◆ **DATA SHOWN**:
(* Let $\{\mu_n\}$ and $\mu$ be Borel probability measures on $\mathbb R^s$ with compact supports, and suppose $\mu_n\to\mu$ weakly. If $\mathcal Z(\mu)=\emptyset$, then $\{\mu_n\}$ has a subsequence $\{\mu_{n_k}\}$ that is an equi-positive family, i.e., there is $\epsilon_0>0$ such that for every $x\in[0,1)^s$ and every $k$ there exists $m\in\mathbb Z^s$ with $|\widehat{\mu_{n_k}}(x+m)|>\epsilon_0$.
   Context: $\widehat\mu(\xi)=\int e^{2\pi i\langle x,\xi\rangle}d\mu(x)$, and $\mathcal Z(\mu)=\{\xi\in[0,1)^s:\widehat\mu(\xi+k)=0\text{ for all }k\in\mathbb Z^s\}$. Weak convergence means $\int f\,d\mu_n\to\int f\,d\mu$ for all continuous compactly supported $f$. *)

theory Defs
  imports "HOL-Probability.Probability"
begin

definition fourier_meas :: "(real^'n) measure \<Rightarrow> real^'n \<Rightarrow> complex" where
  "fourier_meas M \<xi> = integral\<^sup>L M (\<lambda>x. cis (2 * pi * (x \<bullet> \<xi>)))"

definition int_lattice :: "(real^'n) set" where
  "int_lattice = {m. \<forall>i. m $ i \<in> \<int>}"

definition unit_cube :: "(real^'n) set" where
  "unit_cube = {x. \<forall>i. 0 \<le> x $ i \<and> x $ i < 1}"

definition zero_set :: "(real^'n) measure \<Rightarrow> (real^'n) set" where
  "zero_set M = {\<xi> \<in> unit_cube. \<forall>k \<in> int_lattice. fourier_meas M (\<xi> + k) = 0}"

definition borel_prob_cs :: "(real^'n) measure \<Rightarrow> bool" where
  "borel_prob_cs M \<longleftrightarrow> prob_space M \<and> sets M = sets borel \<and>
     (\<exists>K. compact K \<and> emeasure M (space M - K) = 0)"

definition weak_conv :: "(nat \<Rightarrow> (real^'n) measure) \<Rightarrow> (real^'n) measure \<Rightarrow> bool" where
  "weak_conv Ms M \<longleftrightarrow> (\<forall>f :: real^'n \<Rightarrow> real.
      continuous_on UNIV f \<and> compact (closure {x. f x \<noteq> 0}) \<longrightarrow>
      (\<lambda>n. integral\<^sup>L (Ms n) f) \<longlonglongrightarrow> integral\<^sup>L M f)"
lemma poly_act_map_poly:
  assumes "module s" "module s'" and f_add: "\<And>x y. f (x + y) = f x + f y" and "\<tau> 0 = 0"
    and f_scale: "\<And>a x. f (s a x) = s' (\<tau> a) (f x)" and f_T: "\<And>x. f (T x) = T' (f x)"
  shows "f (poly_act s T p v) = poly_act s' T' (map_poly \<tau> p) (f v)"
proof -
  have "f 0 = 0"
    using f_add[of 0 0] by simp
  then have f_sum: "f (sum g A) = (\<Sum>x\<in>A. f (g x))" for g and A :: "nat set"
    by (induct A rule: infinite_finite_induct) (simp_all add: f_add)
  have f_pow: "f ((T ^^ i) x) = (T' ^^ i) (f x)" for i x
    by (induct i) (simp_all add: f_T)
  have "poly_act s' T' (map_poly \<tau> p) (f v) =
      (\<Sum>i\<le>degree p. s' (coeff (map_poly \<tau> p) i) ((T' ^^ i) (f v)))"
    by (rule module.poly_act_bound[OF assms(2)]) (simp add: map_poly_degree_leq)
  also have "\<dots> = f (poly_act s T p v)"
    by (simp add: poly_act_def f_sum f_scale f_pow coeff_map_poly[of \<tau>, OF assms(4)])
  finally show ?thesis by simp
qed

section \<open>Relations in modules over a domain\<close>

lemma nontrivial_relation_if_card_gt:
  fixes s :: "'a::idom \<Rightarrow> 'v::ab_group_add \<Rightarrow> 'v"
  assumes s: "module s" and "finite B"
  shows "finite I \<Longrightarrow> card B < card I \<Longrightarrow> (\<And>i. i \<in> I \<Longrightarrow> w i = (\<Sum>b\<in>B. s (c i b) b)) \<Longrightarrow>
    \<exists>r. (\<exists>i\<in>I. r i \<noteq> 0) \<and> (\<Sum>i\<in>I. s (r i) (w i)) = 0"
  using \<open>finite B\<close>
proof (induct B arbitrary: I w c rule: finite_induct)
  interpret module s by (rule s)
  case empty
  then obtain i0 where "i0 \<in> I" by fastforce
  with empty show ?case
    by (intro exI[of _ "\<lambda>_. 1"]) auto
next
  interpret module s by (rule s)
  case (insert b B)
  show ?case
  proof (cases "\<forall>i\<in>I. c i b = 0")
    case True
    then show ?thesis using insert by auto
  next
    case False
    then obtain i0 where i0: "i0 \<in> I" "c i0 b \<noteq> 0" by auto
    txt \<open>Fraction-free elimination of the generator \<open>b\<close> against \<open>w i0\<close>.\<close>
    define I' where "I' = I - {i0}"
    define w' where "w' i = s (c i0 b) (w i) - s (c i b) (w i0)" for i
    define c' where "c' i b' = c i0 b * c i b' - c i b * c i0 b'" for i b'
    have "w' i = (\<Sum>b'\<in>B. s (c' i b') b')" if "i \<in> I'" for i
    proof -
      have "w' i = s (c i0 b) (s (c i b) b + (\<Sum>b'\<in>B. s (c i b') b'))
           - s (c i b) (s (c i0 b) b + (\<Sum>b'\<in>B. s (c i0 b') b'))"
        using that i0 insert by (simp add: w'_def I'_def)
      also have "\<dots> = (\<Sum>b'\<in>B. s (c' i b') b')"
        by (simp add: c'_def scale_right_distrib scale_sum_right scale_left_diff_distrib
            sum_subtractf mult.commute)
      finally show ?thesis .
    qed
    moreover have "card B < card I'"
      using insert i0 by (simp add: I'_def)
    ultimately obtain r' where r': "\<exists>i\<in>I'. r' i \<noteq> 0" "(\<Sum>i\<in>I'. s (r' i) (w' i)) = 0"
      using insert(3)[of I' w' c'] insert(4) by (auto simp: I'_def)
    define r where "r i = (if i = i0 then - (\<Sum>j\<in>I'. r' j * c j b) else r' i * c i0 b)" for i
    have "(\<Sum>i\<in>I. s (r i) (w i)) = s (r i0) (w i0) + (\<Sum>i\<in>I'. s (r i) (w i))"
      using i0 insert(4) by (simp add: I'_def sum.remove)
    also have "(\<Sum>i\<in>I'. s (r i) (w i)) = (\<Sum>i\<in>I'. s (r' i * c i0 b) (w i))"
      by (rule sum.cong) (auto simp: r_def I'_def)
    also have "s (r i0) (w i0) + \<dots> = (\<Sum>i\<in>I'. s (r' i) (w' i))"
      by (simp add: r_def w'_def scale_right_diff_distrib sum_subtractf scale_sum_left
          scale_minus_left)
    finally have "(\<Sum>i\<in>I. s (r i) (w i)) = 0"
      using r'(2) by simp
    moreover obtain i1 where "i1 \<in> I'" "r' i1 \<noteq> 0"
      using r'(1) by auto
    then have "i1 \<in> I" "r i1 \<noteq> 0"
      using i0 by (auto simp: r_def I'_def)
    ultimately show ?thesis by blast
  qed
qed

◆ **ASSIGNED TASK**: Report only the number of lines that hold the string "assms" in this listing.

◆ **ANSWER BELOW**: 2